[Start of section]

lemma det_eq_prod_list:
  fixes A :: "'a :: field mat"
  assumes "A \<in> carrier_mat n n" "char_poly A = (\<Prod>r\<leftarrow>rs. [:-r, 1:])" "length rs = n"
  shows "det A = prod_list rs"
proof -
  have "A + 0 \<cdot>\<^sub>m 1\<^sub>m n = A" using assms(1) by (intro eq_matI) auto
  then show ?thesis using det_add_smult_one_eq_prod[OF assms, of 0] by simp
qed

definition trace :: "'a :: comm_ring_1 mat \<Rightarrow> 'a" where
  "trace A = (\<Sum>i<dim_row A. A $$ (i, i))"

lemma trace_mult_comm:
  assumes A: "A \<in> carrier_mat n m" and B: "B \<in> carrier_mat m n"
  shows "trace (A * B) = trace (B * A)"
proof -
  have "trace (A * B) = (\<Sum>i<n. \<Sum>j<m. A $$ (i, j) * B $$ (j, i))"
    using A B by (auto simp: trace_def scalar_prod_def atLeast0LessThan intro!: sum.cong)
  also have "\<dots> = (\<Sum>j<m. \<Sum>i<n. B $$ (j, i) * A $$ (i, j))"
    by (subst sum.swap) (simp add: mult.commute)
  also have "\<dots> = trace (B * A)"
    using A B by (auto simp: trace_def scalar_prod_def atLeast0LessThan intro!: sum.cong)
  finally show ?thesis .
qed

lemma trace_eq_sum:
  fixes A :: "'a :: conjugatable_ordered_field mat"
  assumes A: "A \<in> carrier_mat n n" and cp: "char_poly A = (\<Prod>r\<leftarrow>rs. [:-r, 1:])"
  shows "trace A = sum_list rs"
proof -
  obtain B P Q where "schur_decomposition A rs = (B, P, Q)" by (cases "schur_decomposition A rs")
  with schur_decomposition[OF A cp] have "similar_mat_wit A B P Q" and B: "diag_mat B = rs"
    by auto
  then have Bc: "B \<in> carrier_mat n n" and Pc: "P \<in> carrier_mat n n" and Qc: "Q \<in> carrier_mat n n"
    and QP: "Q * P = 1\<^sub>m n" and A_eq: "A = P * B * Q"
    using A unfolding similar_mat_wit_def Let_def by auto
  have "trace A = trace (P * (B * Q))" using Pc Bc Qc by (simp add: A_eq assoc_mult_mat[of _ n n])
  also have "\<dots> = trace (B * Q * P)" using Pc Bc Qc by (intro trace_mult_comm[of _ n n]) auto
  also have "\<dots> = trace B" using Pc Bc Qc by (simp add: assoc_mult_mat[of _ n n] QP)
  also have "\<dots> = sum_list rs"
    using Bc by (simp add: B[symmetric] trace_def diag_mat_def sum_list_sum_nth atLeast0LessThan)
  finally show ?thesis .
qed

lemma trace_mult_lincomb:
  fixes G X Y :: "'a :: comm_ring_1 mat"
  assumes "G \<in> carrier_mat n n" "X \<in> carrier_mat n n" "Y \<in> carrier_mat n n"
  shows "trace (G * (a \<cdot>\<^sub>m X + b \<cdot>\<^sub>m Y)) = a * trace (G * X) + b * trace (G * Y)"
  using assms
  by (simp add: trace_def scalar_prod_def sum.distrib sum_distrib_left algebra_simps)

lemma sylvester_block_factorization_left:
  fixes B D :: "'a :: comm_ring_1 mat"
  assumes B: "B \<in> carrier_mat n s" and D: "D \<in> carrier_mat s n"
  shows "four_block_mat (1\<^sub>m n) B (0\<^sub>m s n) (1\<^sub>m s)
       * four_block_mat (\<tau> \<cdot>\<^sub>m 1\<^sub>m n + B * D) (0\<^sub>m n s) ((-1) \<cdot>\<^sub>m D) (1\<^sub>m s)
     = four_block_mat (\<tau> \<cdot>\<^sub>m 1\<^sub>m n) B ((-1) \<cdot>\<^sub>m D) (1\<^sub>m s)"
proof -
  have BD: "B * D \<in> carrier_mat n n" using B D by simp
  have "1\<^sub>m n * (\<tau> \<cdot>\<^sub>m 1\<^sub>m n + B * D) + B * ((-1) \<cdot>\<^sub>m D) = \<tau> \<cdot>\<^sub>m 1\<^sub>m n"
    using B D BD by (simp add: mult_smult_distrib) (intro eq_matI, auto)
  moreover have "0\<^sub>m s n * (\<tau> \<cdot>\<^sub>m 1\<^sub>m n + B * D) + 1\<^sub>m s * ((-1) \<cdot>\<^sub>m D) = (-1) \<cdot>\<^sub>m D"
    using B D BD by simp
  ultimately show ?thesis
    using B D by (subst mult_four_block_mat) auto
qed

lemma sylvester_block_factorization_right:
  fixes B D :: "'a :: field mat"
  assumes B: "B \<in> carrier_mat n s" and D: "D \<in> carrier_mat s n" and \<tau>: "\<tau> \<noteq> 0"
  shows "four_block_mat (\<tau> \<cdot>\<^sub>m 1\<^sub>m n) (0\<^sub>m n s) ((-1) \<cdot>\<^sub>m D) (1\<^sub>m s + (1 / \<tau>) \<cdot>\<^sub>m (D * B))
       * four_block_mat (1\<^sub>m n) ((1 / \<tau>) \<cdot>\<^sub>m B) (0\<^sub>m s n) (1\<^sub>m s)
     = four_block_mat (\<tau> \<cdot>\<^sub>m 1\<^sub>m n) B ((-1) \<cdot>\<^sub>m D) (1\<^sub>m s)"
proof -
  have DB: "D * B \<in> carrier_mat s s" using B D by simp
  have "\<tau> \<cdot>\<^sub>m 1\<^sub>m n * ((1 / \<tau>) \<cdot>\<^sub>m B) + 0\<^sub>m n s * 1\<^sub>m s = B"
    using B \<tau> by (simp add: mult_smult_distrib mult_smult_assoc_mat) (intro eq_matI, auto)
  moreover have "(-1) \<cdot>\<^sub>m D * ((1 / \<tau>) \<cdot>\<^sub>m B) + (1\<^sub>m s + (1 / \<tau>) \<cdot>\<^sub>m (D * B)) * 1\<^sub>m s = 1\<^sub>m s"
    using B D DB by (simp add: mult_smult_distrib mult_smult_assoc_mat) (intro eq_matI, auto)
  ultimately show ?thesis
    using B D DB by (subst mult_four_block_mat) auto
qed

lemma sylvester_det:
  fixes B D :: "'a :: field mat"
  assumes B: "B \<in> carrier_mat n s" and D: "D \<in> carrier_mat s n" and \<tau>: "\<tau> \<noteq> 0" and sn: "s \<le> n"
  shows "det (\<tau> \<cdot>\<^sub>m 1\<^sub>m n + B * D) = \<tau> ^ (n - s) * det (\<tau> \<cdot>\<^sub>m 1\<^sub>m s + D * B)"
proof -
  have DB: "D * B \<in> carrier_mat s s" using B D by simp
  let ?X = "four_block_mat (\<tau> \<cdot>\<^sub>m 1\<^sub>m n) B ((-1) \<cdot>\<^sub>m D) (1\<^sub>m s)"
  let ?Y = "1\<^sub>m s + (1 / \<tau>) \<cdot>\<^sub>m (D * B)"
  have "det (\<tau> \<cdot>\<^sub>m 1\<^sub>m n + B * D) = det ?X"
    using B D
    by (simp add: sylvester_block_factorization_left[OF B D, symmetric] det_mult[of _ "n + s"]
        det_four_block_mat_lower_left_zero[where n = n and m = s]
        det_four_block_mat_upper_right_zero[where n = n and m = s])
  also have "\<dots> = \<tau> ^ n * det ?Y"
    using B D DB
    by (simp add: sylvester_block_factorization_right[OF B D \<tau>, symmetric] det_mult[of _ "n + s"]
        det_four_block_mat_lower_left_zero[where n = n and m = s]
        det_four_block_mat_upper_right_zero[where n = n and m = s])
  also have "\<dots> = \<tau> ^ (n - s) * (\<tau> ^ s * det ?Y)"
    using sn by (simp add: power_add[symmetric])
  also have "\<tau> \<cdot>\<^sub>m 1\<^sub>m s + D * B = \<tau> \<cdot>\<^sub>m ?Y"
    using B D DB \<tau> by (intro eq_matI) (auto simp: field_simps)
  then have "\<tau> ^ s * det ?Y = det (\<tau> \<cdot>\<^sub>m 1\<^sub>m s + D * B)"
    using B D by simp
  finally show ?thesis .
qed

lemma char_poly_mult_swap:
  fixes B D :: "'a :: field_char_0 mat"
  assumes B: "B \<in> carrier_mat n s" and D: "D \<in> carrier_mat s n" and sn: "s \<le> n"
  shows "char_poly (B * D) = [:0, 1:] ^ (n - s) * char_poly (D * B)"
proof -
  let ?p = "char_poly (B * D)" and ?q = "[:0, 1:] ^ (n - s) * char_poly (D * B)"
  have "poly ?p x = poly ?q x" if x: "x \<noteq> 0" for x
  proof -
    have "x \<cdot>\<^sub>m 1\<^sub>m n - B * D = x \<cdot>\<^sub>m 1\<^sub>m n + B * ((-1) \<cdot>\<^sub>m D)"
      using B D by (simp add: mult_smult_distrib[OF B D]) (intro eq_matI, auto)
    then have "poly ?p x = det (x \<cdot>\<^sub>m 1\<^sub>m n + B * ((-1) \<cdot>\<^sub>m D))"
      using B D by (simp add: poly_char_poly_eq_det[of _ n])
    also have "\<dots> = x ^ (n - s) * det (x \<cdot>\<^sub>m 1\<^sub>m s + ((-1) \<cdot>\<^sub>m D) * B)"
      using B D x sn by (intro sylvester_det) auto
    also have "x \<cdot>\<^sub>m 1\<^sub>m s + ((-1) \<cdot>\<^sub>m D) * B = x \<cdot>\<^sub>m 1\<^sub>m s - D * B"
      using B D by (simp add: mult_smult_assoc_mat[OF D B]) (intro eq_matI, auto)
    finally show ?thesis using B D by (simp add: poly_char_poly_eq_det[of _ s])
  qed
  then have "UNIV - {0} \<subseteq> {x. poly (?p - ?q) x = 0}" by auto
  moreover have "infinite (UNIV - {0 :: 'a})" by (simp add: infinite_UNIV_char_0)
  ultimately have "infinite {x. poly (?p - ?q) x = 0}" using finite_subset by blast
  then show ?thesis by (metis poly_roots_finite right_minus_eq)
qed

[End of section]

WORK ITEM - The lines to extract from the data above begin with the line containing "using B D DB \<tau>" and end with the line containing "s) * det (x". Extract them exactly, including both.

RESULT OF THE TASK -
    using B D DB \<tau> by (intro eq_matI) (auto simp: field_simps)
  then have "\<tau> ^ s * det ?Y = det (\<tau> \<cdot>\<^sub>m 1\<^sub>m s + D * B)"
    using B D by simp
  finally show ?thesis .
qed

lemma char_poly_mult_swap:
  fixes B D :: "'a :: field_char_0 mat"
  assumes B: "B \<in> carrier_mat n s" and D: "D \<in> carrier_mat s n" and sn: "s \<le> n"
  shows "char_poly (B * D) = [:0, 1:] ^ (n - s) * char_poly (D * B)"
proof -
  let ?p = "char_poly (B * D)" and ?q = "[:0, 1:] ^ (n - s) * char_poly (D * B)"
  have "poly ?p x = poly ?q x" if x: "x \<noteq> 0" for x
  proof -
    have "x \<cdot>\<^sub>m 1\<^sub>m n - B * D = x \<cdot>\<^sub>m 1\<^sub>m n + B * ((-1) \<cdot>\<^sub>m D)"
      using B D by (simp add: mult_smult_distrib[OF B D]) (intro eq_matI, auto)
    then have "poly ?p x = det (x \<cdot>\<^sub>m 1\<^sub>m n + B * ((-1) \<cdot>\<^sub>m D))"
      using B D by (simp add: poly_char_poly_eq_det[of _ n])
    also have "\<dots> = x ^ (n - s) * det (x \<cdot>\<^sub>m 1\<^sub>m s + ((-1) \<cdot>\<^sub>m D) * B)"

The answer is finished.